Let's work out the details (now updated with answers):
- How many dump runs do we keep?
- 3 for now
- Do we need to stop keeping so many of some other type of dump?
- Not at the moment
- What credentials do we need to retrieve files from AWS?
- Fixed text strings which have been provided to us and will be stored in the private puppet repo
- We won't be rsyncing because we only want one of the many daily runs that OKAPI will have available; does this mean a custom script?
- Yes and it's done-ish
- Do we want to just proxy for the given files instead? This could incur AWS costs, and would mean being clever about only serving requests for certain runs.
- No we don't.
What about the future?
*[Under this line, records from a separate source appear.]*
(* In every execution of the Minimmit protocol (described in the context), if a block $b$ receives an L-notarization, then no block $b'\neq b$ with $b'.\text{view}=b.\text{view}$ receives an M-notarization.
   Context: Setting. There are $n$ processors $\Pi=\{p_0,\dots,p_{n-1}\}$ and an integer $f$ with $5f+1\le n$. At most $f$ processors may be corrupted by an adversary during the execution and then behave arbitrarily (Byzantine); processors never corrupted are called correct. Processors communicate over point-to-point authenticated channels; every message is signed by its sender; a PKI validates signatures and $H$ is a collision-resistant hash function; attention is restricted to executions in which the adversary cannot forge signatures or find hash collisions. Time is divided into timeslots $t\in\mathbb{N}_{\ge 0}$ (partial synchrony): a message sent at time $t$ arrives at some time $t'>t$ with $t'\le \max\{\text{GST},t\}+\Delta$, where $\Delta$ is known to the protocol and GST is unknown and chosen by the adversary (who also chooses delivery times subject to this constraint). Clocks of correct processors advance in real time. When a correct processor sends a message to all processors, it regards that message as immediately received by itself. Transactions are unique messages signed by the environment; each timeslot each processor may receive a finite set of transactions. Each processor $p_i$ maintains an append-only log $\text{log}_i$ of distinct transactions, $\text{log}_i(t)$ denoting its value at the end of timeslot $t$. Blocks. $\text{lead}(v):=p_j$ with $j=v \bmod n$. The genesis block is $b_{\text{gen}}=(0,\lambda,\lambda)$ ($\lambda$ the empty sequence). Any other block is a tuple $b=(v,\text{Tr},h)$ signed by $\text{lead}(v)$, with $v\in\mathbb{N}_{\ge1}$ ($b.\text{view}=v$, "a view $v$ block"), $\text{Tr}=b.\text{Tr}$ a sequence of distinct transactions, and $h=b.h$ a hash value; its parent is the block $b'$ with $H(b')=h$. The ancestors of $b$ are $b$ and the ancestors of its parent ($b_{\text{gen}}$ has only itself). Two blocks are inconsistent if neither is an ancestor of the other. To finalise $b$ means: upon obtaining all ancestors of $b$, the processor sets its log to extend the concatenation of $b'.\text{Tr}$ over ancestors $b'$ of $b$ (with duplicates removed). Messages. A vote for $b$ is $(\text{vote},b)$. An M-notarization for $b$ is a set of $2f+1$ votes for $b$ signed by distinct processors; an L-notarization for $b$ is a set of $n-f$ votes for $b$ signed by distinct processors. A nullify$(v)$ message is $(\text{nullify},v)$; a nullification for view $v$ is a set of $2f+1$ nullify$(v)$ messages signed by distinct processors. In the claim, a block $b$ "receives an M-notarization" if $b=b_{\text{gen}}$ or at least $2f+1$ processors send votes for $b$; $b$ "receives an L-notarization" if $b=b_{\text{gen}}$ or at least $n-f$ processors send votes for $b$; view $v$ "receives a nullification" if at least $2f+1$ processors send nullify$(v)$ messages. Local state of each processor: $\mathtt{S}$, the set of all received messages (automatically updated; it contains a block $b$ if it contains any message having $b$ as an entry; initially it contains only $b_{\text{gen}}$ and an M- and L-notarization for $b_{\text{gen}}$); the current view $\mathtt{v}$ (initially 1; a processor enters view $v$ when $\mathtt{v}$ becomes $v$); a timer $\mathtt{T}$ (initially 0, increasing in real time, reset to 0 upon entering a new view); $\mathtt{nullified}$ (initially false) and $\mathtt{notarized}$ (initially $\bot$, a value different from every block). SelectParent$(\mathtt{S},\mathtt{v})$: let $v'<\mathtt{v}$ be greatest such that $\mathtt{S}$ contains an M-notarization for some block of view $v'$; output the lexicographically least such block. ProposeChild$(b,v)$: form a sequence Tr of distinct transactions containing all transactions received and not in $b'.\text{Tr}$ for any ancestor $b'\in\mathtt{S}$ of $b$, and send the block $(v,\text{Tr},H(b))$ to all processors. $\mathtt{S}$ contains a valid proposal $b$ for view $v$ if $\mathtt{S}$ contains (i) precisely one block of the form $b=(v,\text{Tr},h)$ signed by $\text{lead}(v)$, (ii) an M-notarization for some $b'$ with $H(b')=h$, say $b'.\text{view}=v'$, and (iii) a nullification for each view in the open interval $(v',v)$. At timeslot $t$ a nullification $N\subseteq\mathtt{S}$ for a view $v$ is new if $\mathtt{S}$ contained no nullification for $v$ at any earlier timeslot and $N$ is lexicographically least among nullifications for $v$ in $\mathtt{S}$; new M-notarizations and new L-notarizations for a block $b$ are defined analogously. Protocol (Minimmit): at every timeslot, correct $p_i$ does, in order: (1) send new nullifications in $\mathtt{S}$ to all processors; (2) send new M- and L-notarizations in $\mathtt{S}$ to all; (3) if $p_i=\text{lead}(\mathtt{v})$, execute ProposeChild(SelectParent$(\mathtt{S},\mathtt{v}),\mathtt{v})$; (4) if $\mathtt{S}$ contains a valid proposal $b$ for view $\mathtt{v}$ and $\mathtt{notarized}=\bot$ and $\mathtt{nullified}=$ false, set $\mathtt{notarized}:=b$ and send $(\text{vote},b)$ to all; (5) if $\mathtt{T}=2\Delta$, $\mathtt{nullified}=$ false and $\mathtt{notarized}=\bot$, set $\mathtt{nullified}:=$ true and send $(\text{nullify},\mathtt{v})$ to all; (6) if $\mathtt{S}$ contains a nullification for $\mathtt{v}$, set $\mathtt{v}:=\mathtt{v}+1$, $\mathtt{nullified}:=$ false, $\mathtt{notarized}:=\bot$; (7) if $\mathtt{S}$ contains an M-notarization for some $b$ with $b.\text{view}=\mathtt{v}$: if $\mathtt{notarized}=\bot$ and $\mathtt{nullified}=$ false send $(\text{vote},b)$ to all; then set $\mathtt{v}:=\mathtt{v}+1$, $\mathtt{nullified}:=$ false, $\mathtt{notarized}:=\bot$; (8) if $\mathtt{nullified}=$ false, $\mathtt{notarized}\neq\bot$, and $\mathtt{S}$ contains at least $2f+1$ messages signed by distinct processors, each either $(\text{nullify},\mathtt{v})$ or $(\text{vote},b)$ for some $b$ with $b.\text{view}=\mathtt{v}$ and $b\ne\mathtt{notarized}$, then set $\mathtt{nullified}:=$ true and send $(\text{nullify},\mathtt{v})$ to all; (9) if $\mathtt{S}$ contains a new L-notarization for a block $b$, finalise $b$. *)

theory Defs
  imports Main "HOL-Library.List_Lexorder" "HOL-Library.Product_Lexorder" "HOL-Library.Option_ord"
begin

text \<open>Processors are natural numbers p < n (p_j is j).  A block is a triple
  (view, Tr, h); the hash component of the genesis block is the empty sequence,
  modelled as None, all other blocks carry Some hash.\<close>

type_synonym ('tx, 'h) block = "nat \<times> 'tx list \<times> 'h option"

definition genesis :: "('tx, 'h) block" where
  "genesis = (0, [], None)"

definition bview :: "('tx, 'h) block \<Rightarrow> nat" where
  "bview b = fst b"

definition btr :: "('tx, 'h) block \<Rightarrow> 'tx list" where
  "btr b = fst (snd b)"

definition bhash :: "('tx, 'h) block \<Rightarrow> 'h option" where
  "bhash b = snd (snd b)"

definition lead :: "nat \<Rightarrow> nat \<Rightarrow> nat" where
  "lead n v = v mod n"

definition wf_block :: "('tx, 'h) block \<Rightarrow> bool" where
  "wf_block b \<longleftrightarrow> b = genesis \<or> (bview b \<ge> 1 \<and> distinct (btr b) \<and> bhash b \<noteq> None)"

text \<open>Payloads of signed messages: votes, nullify messages, and blocks
  (a block is signed by the leader of its view).\<close>
datatype ('tx, 'h) payload = Vote "('tx, 'h) block" | Nullify nat | Prop "('tx, 'h) block"

text \<open>A signed message: (signer, payload).  A packet is a set of signed messages
  sent (and delivered) together, e.g. a forwarded notarization.\<close>
type_synonym ('tx, 'h) msg = "nat \<times> ('tx, 'h) payload"
type_synonym ('tx, 'h) packet = "('tx, 'h) msg set"

definition wf_msg :: "nat \<Rightarrow> ('tx, 'h) msg \<Rightarrow> bool" where
  "wf_msg n m \<longleftrightarrow> fst m < n \<and>
     (case snd m of
        Vote b \<Rightarrow> wf_block b
      | Nullify v \<Rightarrow> True
      | Prop b \<Rightarrow> wf_block b \<and> b \<noteq> genesis \<and> fst m = lead n (bview b))"

fun payload_blocks :: "('tx, 'h) payload \<Rightarrow> ('tx, 'h) block set" where
  "payload_blocks (Vote b) = {b}"
| "payload_blocks (Nullify v) = {}"
| "payload_blocks (Prop b) = {b}"

definition blocks_in :: "('tx, 'h) msg set \<Rightarrow> ('tx, 'h) block set" where
  "blocks_in S = insert genesis {b. \<exists>s. (s, Vote b) \<in> S \<or> (s, Prop b) \<in> S}"

definition vote_signers :: "nat \<Rightarrow> ('tx, 'h) msg set \<Rightarrow> ('tx, 'h) block \<Rightarrow> nat set" where
  "vote_signers n S b = {p. p < n \<and> (p, Vote b) \<in> S}"

definition null_signers :: "nat \<Rightarrow> ('tx, 'h) msg set \<Rightarrow> nat \<Rightarrow> nat set" where
  "null_signers n S v = {p. p < n \<and> (p, Nullify v) \<in> S}"

definition has_M :: "nat \<Rightarrow> nat \<Rightarrow> ('tx, 'h) msg set \<Rightarrow> ('tx, 'h) block \<Rightarrow> bool" where
  "has_M n f S b \<longleftrightarrow> b = genesis \<or> 2 * f + 1 \<le> card (vote_signers n S b)"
There will be other datasets; what will we do about space for those? That will be discussed in a future task if needed.
TODOs remaining:
- Add cleanup of tmp files to downloader script
- Add puppetization of enterprise_html/run and tmp dirs to puppet so script does not need to create them
- Add downloader script to puppet
- Add Enterprise credentials to puppet
- Run downloader script via systemd timer instead of manually -- IN PROGRESS
- Run rsync from web server to nfs server (i.e. from one labstore box to the other) of Enterprise dumps, via systemd timer
- Add cleanup of older downloads so we keep only a specified number of runs
I'll add other things if they come up, hopefully they won't.